The empirical approach is more straightforward. Simply speaking, we don’t care what generates the overdispersion. We simply recognize the existence of overdispersion. We directly introduce a dispersion parameter in the model to account for overdispersion. This is what the quasi-likelihood does. If you have data that motivate you to fit logistic regression or poisson regression but you have overdispersion problem, you can simply account for such overdispersion with quasi-likelihood. In R, you specify “family = quasibinomial” or “quasipoisson” to do that. One caveat is that quasi-likelihood is not likelihood. So you cannot use any likelihood based metric, such as AIC or likelihood ratio, for model comparison.
A simplified recipe
Based on the discussion above, here is a simplified recipe of dealing with overdispersion. Obviously, the real data often are more complex and has nuisances. But the procedure below should be a good starting point:
1. Fit the model without considering overdispersion. For example, directly fit count data with poisson regression or binary response with logistic regression. Examine how the model prediction matches the mean. If the model predictions do not fit the data well, think about modifying the model structure. If the model predicts well, move on.
2. Examine the residual deviance. If residual deviance is much larger than degree of freedom, that signals existence of overdispersion.
3. If the overdispersion is a result of excess zero in the data, try zero inflated regression. if not, think about whether the data generating mechanism could lead to overdispersion. That warrants things like negative binomial regression or beta binomial regression. Fit these models.
4. Compare the model fit to the ones without considering overdisperion, and see if model fits much better after allowing overdispersion.

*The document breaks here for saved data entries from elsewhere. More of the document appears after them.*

(* Under the standing assumptions described in the context (including (H4)–(H8)), for every $k=0,\dots,N$: $$|\sigma^*_{k+1}|\le H^2h^2,\qquad |\sigma_{k+1}|\le \tfrac12 H^2h^2,\qquad |\tau_{k+1}|\le \tfrac12H^2h^2+\tfrac12K_2H^3h^3.$$
   Context: Let $T>0$ and let $g:[0,T]\to[0,\infty)$ be increasing, left-continuous, continuous at $0$, with a finite set $D_g\subset(0,T)$ of discontinuity points; $\Delta^+\varphi(t)=\varphi(t^+)-\varphi(t)$; $g^B(t)=\sum_{s\in[0,t)}\Delta^+g(s)$, $g^C=g-g^B$; $\mu_g$ is the Lebesgue–Stieltjes measure with $\mu_g([c,d))=g(d)-g(c)$. For $u:[0,T]\to\mathbb R$ the Stieltjes derivative at $t$ is $u'_g(t)=\lim_{s\to t}\frac{u(s)-u(t)}{g(s)-g(t)}$ if $t\notin D_g$ and $u'_g(t)=\frac{u(t^+)-u(t)}{\Delta^+g(t)}$ if $t\in D_g$. Let $f:[0,T]\times\mathbb R\to\mathbb R$, $x_0\in\mathbb R$, and let $x$ be the solution of $x'_g(t)=f(t,x(t))$ for $\mu_g$-a.e. $t\in[0,T)$, $x(0)=x_0$; it satisfies $x(t)=x_0+\int_{[0,t)}f(s,x(s))\,\mathrm d\mu_g(s)$ for all $t\in[0,T]$. Put $f_*(x)(t)=f(t,x(t))$, $f_*^B(x)(t)=\sum_{s\in[0,t)}\Delta^+f_*(x)(s)$, $f_*^C(x)=f_*(x)-f_*^B(x)$. A function $u$ is $g$-Lipschitz with constant $H$ if $|u(t)-u(s)|\le H|g(t)-g(s)|$ for all $t,s$; $g$-continuous means: for every $t_0$ and $\epsilon>0$ there is $\delta>0$ with $|g(t)-g(t_0)|<\delta\Rightarrow|u(t)-u(t_0)|<\epsilon$. Hypotheses: (H4) $0=t_0<t_1<\dots<t_{N+1}=T$ with $t_{k+1}-t_k=h>0$ for all $k$, and $D_g\subset\{t_k\}$; $K_1=\max\{\Delta^+g(d):d\in D_g\}$. (H5) $f_*(x)$ is $g$-Lipschitz with constant $H>0$, and $f_*^C(x)$ and $g^C$ are Lipschitz with constant $H$. (H6) for every $c\in\mathbb R$, $f(\cdot,c)$ is bounded and $g$-continuous on $[0,T]$. (H7) for every $t$, $f(t,\cdot)\in C^1(\mathbb R)$ and $|\partial_x f(t,x)|<K_2$ for all $(t,x)$. (H8) for every $t\in[0,T)$ and $c$, the right limit $f(t^+,c)=\lim_{s\to t^+}f(s,c)$ exists, $f(t^+,\cdot)\in C^1(\mathbb R)$ and $|\partial_x f(t^+,x)|<K_3$ for all $(t,x)$. Notation: $x_k=x(t_k)$, $x_k^+=x(t_k^+)$. Local errors, $k=0,\dots,N$: $\sigma^*_{k+1}=x_{k+1}-x_k^+-f(t_k^+,x_k^+)(g(t_{k+1})-g(t_k^+))$; $\sigma_{k+1}=x_{k+1}-x_k^+-\tfrac12(f(t_k^+,x_k^+)+f(t_{k+1},x_{k+1}))(g(t_{k+1})-g(t_k^+))$; $x^*_{k+1}=x_{k+1}-\sigma^*_{k+1}$; $\tau_{k+1}=x_{k+1}-x_k^+-\tfrac12(f(t_k^+,x_k^+)+f(t_{k+1},x^*_{k+1}))(g(t_{k+1})-g(t_k^+))$. *)

theory Defs
  imports "HOL-Analysis.Analysis"
begin
(* Let $F\in(k[\bar v,\bar w])^e$ satisfy $F(\bar v,\bar 0)=\bar v$ and $F(\bar 0,\bar w)=\bar w$, and let $\mathbb D=(D_{\mathbf i})$ and $\mathbb D'=(D'_{\mathbf i})$ be two $F$-derivations on the same $k$-algebra $R$. If for every $l\in\{1,\dots,e\}$ and every integer $0\le i<m$ we have $D_{p^i\varepsilon_l}=D'_{p^i\varepsilon_l}$, where $\varepsilon_l$ is the $l$-th unit vector of $\mathbb N^e$, then $\mathbb D=\mathbb D'$.
   Context: $k$ is a field of characteristic $p>0$; rings are commutative with $1$; $e\in\mathbb N_{>0}$, $m\in\mathbb N_{>0}\cup\{\infty\}$. For a $k$-algebra $R$, $R[\bar v]:=R[X_1,\dots,X_e]/(X_1^{p^m},\dots,X_e^{p^m})$ ($R[[\bar X]]$ if $m=\infty$), $v_i$ the image of $X_i$; similarly $R[\bar v,\bar w]$ with a second $e$-tuple $\bar w$ of $m$-truncated variables. $[p^m]=\{0,\dots,p^m-1\}$ ($\mathbb N$ if $m=\infty$), $\bar v^{\mathbf i}=v_1^{i_1}\cdots v_e^{i_e}$. An $m$-truncated $e$-dimensional HS-derivation on $R$ over $k$ is a family $(D_{\mathbf i}:R\to R)_{\mathbf i\in[p^m]^e}$ such that $r\mapsto\sum D_{\mathbf i}(r)\bar v^{\mathbf i}$ is a $k$-algebra homomorphism $R\to R[\bar v]$ with $D_{\mathbf 0}=\mathrm{id}$. For $F=(F_1,\dots,F_e)\in(k[\bar v,\bar w])^e$, it is an $F$-derivation if for all $r\in R$: $\sum_{\mathbf i,\mathbf j}D_{\mathbf j}(D_{\mathbf i}(r))\bar v^{\mathbf i}\bar w^{\mathbf j}=\sum_{\mathbf i}D_{\mathbf i}(r)F(\bar v,\bar w)^{\mathbf i}$, where $F^{\mathbf i}=F_1^{i_1}\cdots F_e^{i_e}$. *)

theory Defs
  imports Main "HOL-Library.Extended_Nat" "HOL-Library.Groups_Big_Fun"
begin

(* A (truncated) power series over 'a in variables indexed by 'i is
   represented by its coefficient function ('i => nat) => 'a.
   For the ring R[v] we use 'i = 'e; for k[v,w] and R[v,w] we use
   'i = 'e + 'e, the Inl-variables being v_1..v_e and the Inr-variables
   being w_1..w_e. *)

definition idx :: "nat \<Rightarrow> enat \<Rightarrow> ('i \<Rightarrow> nat) set" where
  "idx p m = {a. \<forall>j. m = \<infinity> \<or> a j < p ^ the_enat m}"
lemma poly_circle_reflect:
  assumes "degree P \<le> n" "k > 0" "w \<noteq> 0"
  shows "poly (circle_reflect n k P) w = (w / of_real k) ^ n * cnj (poly P (of_real (k\<^sup>2) / cnj w))"
proof -
  have "poly (circle_reflect n k P) w = of_real (k ^ n) * poly (reflQ n P) (w / of_real (k\<^sup>2))"
    by (simp add: circle_reflect_def poly_scale)
  also have "\<dots> = of_real (k ^ n) * ((w / of_real (k\<^sup>2)) ^ n * cnj (poly P (of_real (k\<^sup>2) / cnj w)))"
    using assms by (simp add: reflQ_eval complex_cnj_divide)
  also have "\<dots> = (w / of_real k) ^ n * cnj (poly P (of_real (k\<^sup>2) / cnj w))"
    using assms(2) by (simp add: power_divide power2_eq_square power_mult_distrib field_simps)
  finally show ?thesis .
qed

lemma circle_reflect_nonzero:
  assumes "degree P \<le> n" "k > 0" "\<forall>w. cmod w \<le> k \<longrightarrow> poly P w \<noteq> 0" "k \<le> cmod w"
  shows "poly (circle_reflect n k P) w \<noteq> 0"
proof -
  have "cmod (of_real (k\<^sup>2) / cnj w) = k\<^sup>2 / cmod w"
    by (simp add: norm_divide norm_power)
  also have "\<dots> \<le> k"
    using assms(2,4) by (simp add: power2_eq_square divide_le_eq mult_left_mono)
  finally have "poly P (of_real (k\<^sup>2) / cnj w) \<noteq> 0"
    using assms(3) by blast
  moreover have "w \<noteq> 0"
    using assms(2,4) by auto
  ultimately show ?thesis
    using poly_circle_reflect[OF assms(1,2)] assms(2) by simp
qed

lemma norm_sub_le_circle_inversion:
  fixes w x :: complex
  assumes "0 < k" "k \<le> cmod w" "k \<le> cmod x"
  shows "k * cmod (w - x) \<le> cmod w * cmod (of_real (k\<^sup>2) / cnj w - x)"
proof -
  have "cnj w * (of_real (k\<^sup>2) / cnj w - x) = cnj (of_real (k\<^sup>2) - w * cnj x)"
    using assms(1,2) by (auto simp: field_simps)
  then have "cmod w * cmod (of_real (k\<^sup>2) / cnj w - x) = cmod (of_real (k\<^sup>2) - w * cnj x)"
    by (metis complex_mod_cnj norm_mult)
  moreover have "(cmod (of_real (k\<^sup>2) - w * cnj x))\<^sup>2 - (k * cmod (w - x))\<^sup>2
      = ((cmod x)\<^sup>2 - k\<^sup>2) * ((cmod w)\<^sup>2 - k\<^sup>2)"
    unfolding power_mult_distrib cmod_power2 by (simp add: power2_eq_square algebra_simps)
  moreover have "0 \<le> ((cmod x)\<^sup>2 - k\<^sup>2) * ((cmod w)\<^sup>2 - k\<^sup>2)"
    using assms by (intro mult_nonneg_nonneg) (auto simp: power_mono)
  ultimately have "(k * cmod (w - x))\<^sup>2 \<le> (cmod w * cmod (of_real (k\<^sup>2) / cnj w - x))\<^sup>2"
    by (metis diff_ge_0_iff_ge)
  then show ?thesis
    by (rule power2_le_imp_le) simp
qed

This can be done by compare AIC. If the models are nested, for example, poisson is a special case of negative binomial, you can compare the model fits by likelihood ratio test. The model should fits a lot better if overdispersion is indeed the problem.
5. If you don’t have any mechanistic reason for overdispersion, try quasi-likelihood. Examine the fitted overdispersion parameter and see if it is a lot larger than 1. If it is, it is a signal of existence of overdispersion.